* Problem description *
Beneath this sentence is a set of records; write each of them out exactly.

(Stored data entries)
lemma sq_norm_cvec_eq_Re: "sq_norm_cvec v = Re (conjugate v \<bullet> v)"
  by (metis Re_complex_of_real of_real_sq_norm_cvec)

lemma cmod_diff_power2: "(cmod (a - b))\<^sup>2 = (cmod a)\<^sup>2 - 2 * Re (cnj b * a) + (cmod b)\<^sup>2"
  unfolding cmod_power2 by (simp add: power2_eq_square algebra_simps)

lemma cmod_add_power2: "(cmod (a + b))\<^sup>2 = (cmod a)\<^sup>2 + 2 * Re (cnj b * a) + (cmod b)\<^sup>2"
  unfolding cmod_power2 by (simp add: power2_eq_square algebra_simps)

lemma Re_cscalar_prod:
  "u \<in> carrier_vec n \<Longrightarrow> w \<in> carrier_vec n \<Longrightarrow>
    Re (conjugate w \<bullet> u) = (\<Sum>i<n. Re (cnj (w $ i) * u $ i))"
  unfolding scalar_prod_def atLeast0LessThan Re_sum by (intro sum.cong) auto

lemma sq_norm_cvec_minus:
  assumes "u \<in> carrier_vec n" "w \<in> carrier_vec n"
  shows "sq_norm_cvec (u - w) = sq_norm_cvec u - 2 * Re (conjugate w \<bullet> u) + sq_norm_cvec w"
  using assms
  by (simp add: sq_norm_cvec_def Re_cscalar_prod cmod_diff_power2 sum.distrib sum_subtractf
      sum_distrib_left)

lemma sq_norm_cvec_add:
  assumes "u \<in> carrier_vec n" "w \<in> carrier_vec n"
  shows "sq_norm_cvec (u + w) = sq_norm_cvec u + 2 * Re (conjugate w \<bullet> u) + sq_norm_cvec w"
  using assms
  by (simp add: sq_norm_cvec_def Re_cscalar_prod cmod_add_power2 sum.distrib sum_distrib_left)

lemma sq_norm_cvec_mult_mat_vec:
  "A \<in> carrier_mat n m \<Longrightarrow> u \<in> carrier_vec m \<Longrightarrow>
    sq_norm_cvec (A *\<^sub>v u) = Re (conjugate u \<bullet> ((mat_adjoint A * A) *\<^sub>v u))"
  by (simp add: sq_norm_cvec_eq_Re cscalar_prod_mult_mat_vec[of A n m] assoc_mult_mat_vec[of _ m n A m])

text \<open>Variants of the \<open>carrier_mat\<close>-based algebra rules of JNF whose side conditions are
  equations between dimensions: the simplifier can discharge these, so it normalises matrix
  expressions to right-associated products.\<close>

lemma assoc_mult_mat_dims:
  "dim_col A = dim_row B \<Longrightarrow> dim_col B = dim_row C \<Longrightarrow> A * B * C = A * (B * C :: 'a::semiring_0 mat)"
  by (rule assoc_mult_mat[OF carrier_matI carrier_matI carrier_matI]) auto

lemma mult_smult_assoc_mat_dims:
  "dim_col A = dim_row B \<Longrightarrow> (k \<cdot>\<^sub>m A) * B = k \<cdot>\<^sub>m (A * B :: 'a::comm_semiring_0 mat)"
  by (rule eq_matI) (auto simp: scalar_prod_def sum_distrib_left mult.assoc)

lemma mult_smult_distrib_dims:
  "dim_col A = dim_row B \<Longrightarrow> A * (k \<cdot>\<^sub>m B) = k \<cdot>\<^sub>m (A * B :: 'a::comm_semiring_0 mat)"
  by (rule eq_matI) (auto simp: scalar_prod_def sum_distrib_left mult.left_commute)

lemma mat_adjoint_mult_dims:
  "dim_col A = dim_row B \<Longrightarrow> mat_adjoint (A * B :: complex mat) = mat_adjoint B * mat_adjoint A"
  by (rule mat_adjoint_mult[OF carrier_matI carrier_matI]) auto

lemma mult_right_inverse_cancel:
  assumes AB: "A * B = 1\<^sub>m n" and "dim_col A = dim_row B" "dim_row C = n"
  shows "A * (B * C) = (C :: 'a::semiring_1 mat)"
proof -
  have "dim_col B = n" using arg_cong[OF AB, of dim_col] by simp
  with assms have "(A * B) * C = A * (B * C)" by (intro assoc_mult_mat_dims) simp_all
  with assms show ?thesis by simp
qed

lemma smult_smult_mat: "a \<cdot>\<^sub>m (b \<cdot>\<^sub>m A) = (a * b :: 'a::semigroup_mult) \<cdot>\<^sub>m A"
  by (rule eq_matI) (auto simp: mult.assoc)

lemma one_smult_mat[simp]: "(1 :: 'a::monoid_mult) \<cdot>\<^sub>m A = A"
  by (rule eq_matI) auto

lemmas mat_algebra_dims = assoc_mult_mat_dims mult_smult_assoc_mat_dims mult_smult_distrib_dims
  smult_smult_mat

lemma mat_trace_gram_mult:
  fixes A X :: "complex mat"
  assumes A: "A \<in> carrier_mat n k" and X: "X \<in> carrier_mat k m"
  shows "mat_trace (mat_adjoint (A * X) * (A * X)) = mat_trace (A * ((X * mat_adjoint X) * mat_adjoint A))"
proof -
  have AX: "A * X \<in> carrier_mat n m" using A X by (rule mult_carrier_mat)
  note A' = carrier_mat_adjoint[OF A] and X' = carrier_mat_adjoint[OF X]
  have "mat_trace (mat_adjoint (A * X) * (A * X)) = mat_trace ((A * X) * mat_adjoint (A * X))"
    by (rule mat_trace_mult_comm[OF carrier_mat_adjoint[OF AX] AX])
  also have "(A * X) * mat_adjoint (A * X) = A * ((X * mat_adjoint X) * mat_adjoint A)"
    unfolding mat_adjoint_mult[OF A X] assoc_mult_mat[OF A X mult_carrier_mat[OF X' A']]
      assoc_mult_mat[OF X X' A'] ..
  finally show ?thesis .
qed

lemma mat_trace_sandwich_lincomb:
  assumes L: "L \<in> carrier_mat n m" and A: "A \<in> carrier_mat m m" and B: "B \<in> carrier_mat m m"
  shows "mat_trace (L * ((a \<cdot>\<^sub>m A + b \<cdot>\<^sub>m B) * mat_adjoint L))
    = a * mat_trace (L * (A * mat_adjoint L)) + b * mat_trace (L * (B * mat_adjoint L))"
proof -
  note aA = smult_carrier_mat[OF A, of a] and bB = smult_carrier_mat[OF B, of b]
    and L' = carrier_mat_adjoint[OF L]
  have "L * ((a \<cdot>\<^sub>m A + b \<cdot>\<^sub>m B) * mat_adjoint L)
      = a \<cdot>\<^sub>m (L * (A * mat_adjoint L)) + b \<cdot>\<^sub>m (L * (B * mat_adjoint L))"
    unfolding add_mult_distrib_mat[OF aA bB L']
      mult_add_distrib_mat[OF L mult_carrier_mat[OF aA L'] mult_carrier_mat[OF bB L']]
    unfolding mult_smult_assoc_mat[OF A L'] mult_smult_assoc_mat[OF B L']
    unfolding mult_smult_distrib[OF L mult_carrier_mat[OF A L']]
      mult_smult_distrib[OF L mult_carrier_mat[OF B L']] ..
  then show ?thesis
    using A B L by (simp add: mat_trace_add[of _ n] mat_trace_smult[of _ n])
qed

lemma sum_lessThan_add: "(\<Sum>i<(m::nat) + n. f i) = (\<Sum>i<m. f i) + (\<Sum>i<n. f (m + i))"
  by (induction n) (auto simp: add.assoc)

* The answer *
lemma sq_norm_cvec_eq_Re: "sq_norm_cvec v = Re (conjugate v \<bullet> v)"
  by (metis Re_complex_of_real of_real_sq_norm_cvec)

lemma cmod_diff_power2: "(cmod (a - b))\<^sup>2 = (cmod a)\<^sup>2 - 2 * Re (cnj b * a) + (cmod b)\<^sup>2"
  unfolding cmod_power2 by (simp add: power2_eq_square algebra_simps)

lemma cmod_add_power2: "(cmod (a + b))\<^sup>2 = (cmod a)\<^sup>2 + 2 * Re (cnj b * a) + (cmod b)\<^sup>2"
  unfolding cmod_power2 by (simp add: power2_eq_square algebra_simps)

lemma Re_cscalar_prod:
  "u \<in> carrier_vec n \<Longrightarrow> w \<in> carrier_vec n \<Longrightarrow>
    Re (conjugate w \<bullet> u) = (\<Sum>i<n. Re (cnj (w $ i) * u $ i))"
  unfolding scalar_prod_def atLeast0LessThan Re_sum by (intro sum.cong) auto

lemma sq_norm_cvec_minus:
  assumes "u \<in> carrier_vec n" "w \<in> carrier_vec n"
  shows "sq_norm_cvec (u - w) = sq_norm_cvec u - 2 * Re (conjugate w \<bullet> u) + sq_norm_cvec w"
  using assms
  by (simp add: sq_norm_cvec_def Re_cscalar_prod cmod_diff_power2 sum.distrib sum_subtractf
      sum_distrib_left)

lemma sq_norm_cvec_add:
  assumes "u \<in> carrier_vec n" "w \<in> carrier_vec n"
  shows "sq_norm_cvec (u + w) = sq_norm_cvec u + 2 * Re (conjugate w \<bullet> u) + sq_norm_cvec w"
  using assms
  by (simp add: sq_norm_cvec_def Re_cscalar_prod cmod_add_power2 sum.distrib sum_distrib_left)

lemma sq_norm_cvec_mult_mat_vec:
  "A \<in> carrier_mat n m \<Longrightarrow> u \<in> carrier_vec m \<Longrightarrow>
    sq_norm_cvec (A *\<^sub>v u) = Re (conjugate u \<bullet> ((mat_adjoint A * A) *\<^sub>v u))"
  by (simp add: sq_norm_cvec_eq_Re cscalar_prod_mult_mat_vec[of A n m] assoc_mult_mat_vec[of _ m n A m])

text \<open>Variants of the \<open>carrier_mat\<close>-based algebra rules of JNF whose side conditions are
  equations between dimensions: the simplifier can discharge these, so it normalises matrix
  expressions to right-associated products.\<close>

lemma assoc_mult_mat_dims:
  "dim_col A = dim_row B \<Longrightarrow> dim_col B = dim_row C \<Longrightarrow> A * B * C = A * (B * C :: 'a::semiring_0 mat)"
  by (rule assoc_mult_mat[OF carrier_matI carrier_matI carrier_matI]) auto

lemma mult_smult_assoc_mat_dims:
  "dim_col A = dim_row B \<Longrightarrow> (k \<cdot>\<^sub>m A) * B = k \<cdot>\<^sub>m (A * B :: 'a::comm_semiring_0 mat)"
  by (rule eq_matI) (auto simp: scalar_prod_def sum_distrib_left mult.assoc)

lemma mult_smult_distrib_dims:
  "dim_col A = dim_row B \<Longrightarrow> A * (k \<cdot>\<^sub>m B) = k \<cdot>\<^sub>m (A * B :: 'a::comm_semiring_0 mat)"
  by (rule eq_matI) (auto simp: scalar_prod_def sum_distrib_left mult.left_commute)

lemma mat_adjoint_mult_dims:
  "dim_col A = dim_row B \<Longrightarrow> mat_adjoint (A * B :: complex mat) = mat_adjoint B * mat_adjoint A"
  by (rule mat_adjoint_mult[OF carrier_matI carrier_matI]) auto

lemma mult_right_inverse_cancel:
  assumes AB: "A * B = 1\<^sub>m n" and "dim_col A = dim_row B" "dim_row C = n"
  shows "A * (B * C) = (C :: 'a::semiring_1 mat)"
proof -
  have "dim_col B = n" using arg_cong[OF AB, of dim_col] by simp
  with assms have "(A * B) * C = A * (B * C)" by (intro assoc_mult_mat_dims) simp_all
  with assms show ?thesis by simp
qed

lemma smult_smult_mat: "a \<cdot>\<^sub>m (b \<cdot>\<^sub>m A) = (a * b :: 'a::semigroup_mult) \<cdot>\<^sub>m A"
  by (rule eq_matI) (auto simp: mult.assoc)

lemma one_smult_mat[simp]: "(1 :: 'a::monoid_mult) \<cdot>\<^sub>m A = A"
  by (rule eq_matI) auto

lemmas mat_algebra_dims = assoc_mult_mat_dims mult_smult_assoc_mat_dims mult_smult_distrib_dims
  smult_smult_mat

lemma mat_trace_gram_mult:
  fixes A X :: "complex mat"
  assumes A: "A \<in> carrier_mat n k" and X: "X \<in> carrier_mat k m"
  shows "mat_trace (mat_adjoint (A * X) * (A * X)) = mat_trace (A * ((X * mat_adjoint X) * mat_adjoint A))"
proof -
  have AX: "A * X \<in> carrier_mat n m" using A X by (rule mult_carrier_mat)
  note A' = carrier_mat_adjoint[OF A] and X' = carrier_mat_adjoint[OF X]
  have "mat_trace (mat_adjoint (A * X) * (A * X)) = mat_trace ((A * X) * mat_adjoint (A * X))"
    by (rule mat_trace_mult_comm[OF carrier_mat_adjoint[OF AX] AX])
  also have "(A * X) * mat_adjoint (A * X) = A * ((X * mat_adjoint X) * mat_adjoint A)"
    unfolding mat_adjoint_mult[OF A X] assoc_mult_mat[OF A X mult_carrier_mat[OF X' A']]
      assoc_mult_mat[OF X X' A'] ..
  finally show ?thesis .
qed

lemma mat_trace_sandwich_lincomb:
  assumes L: "L \<in> carrier_mat n m" and A: "A \<in> carrier_mat m m" and B: "B \<in> carrier_mat m m"
  shows "mat_trace (L * ((a \<cdot>\<^sub>m A + b \<cdot>\<^sub>m B) * mat_adjoint L))
    = a * mat_trace (L * (A * mat_adjoint L)) + b * mat_trace (L * (B * mat_adjoint L))"
proof -
  note aA = smult_carrier_mat[OF A, of a] and bB = smult_carrier_mat[OF B, of b]
    and L' = carrier_mat_adjoint[OF L]
  have "L * ((a \<cdot>\<^sub>m A + b \<cdot>\<^sub>m B) * mat_adjoint L)
      = a \<cdot>\<^sub>m (L * (A * mat_adjoint L)) + b \<cdot>\<^sub>m (L * (B * mat_adjoint L))"
    unfolding add_mult_distrib_mat[OF aA bB L']
      mult_add_distrib_mat[OF L mult_carrier_mat[OF aA L'] mult_carrier_mat[OF bB L']]
    unfolding mult_smult_assoc_mat[OF A L'] mult_smult_assoc_mat[OF B L']
    unfolding mult_smult_distrib[OF L mult_carrier_mat[OF A L']]
      mult_smult_distrib[OF L mult_carrier_mat[OF B L']] ..
  then show ?thesis
    using A B L by (simp add: mat_trace_add[of _ n] mat_trace_smult[of _ n])
qed

lemma sum_lessThan_add: "(\<Sum>i<(m::nat) + n. f i) = (\<Sum>i<m. f i) + (\<Sum>i<n. f (m + i))"
  by (induction n) (auto simp: add.assoc)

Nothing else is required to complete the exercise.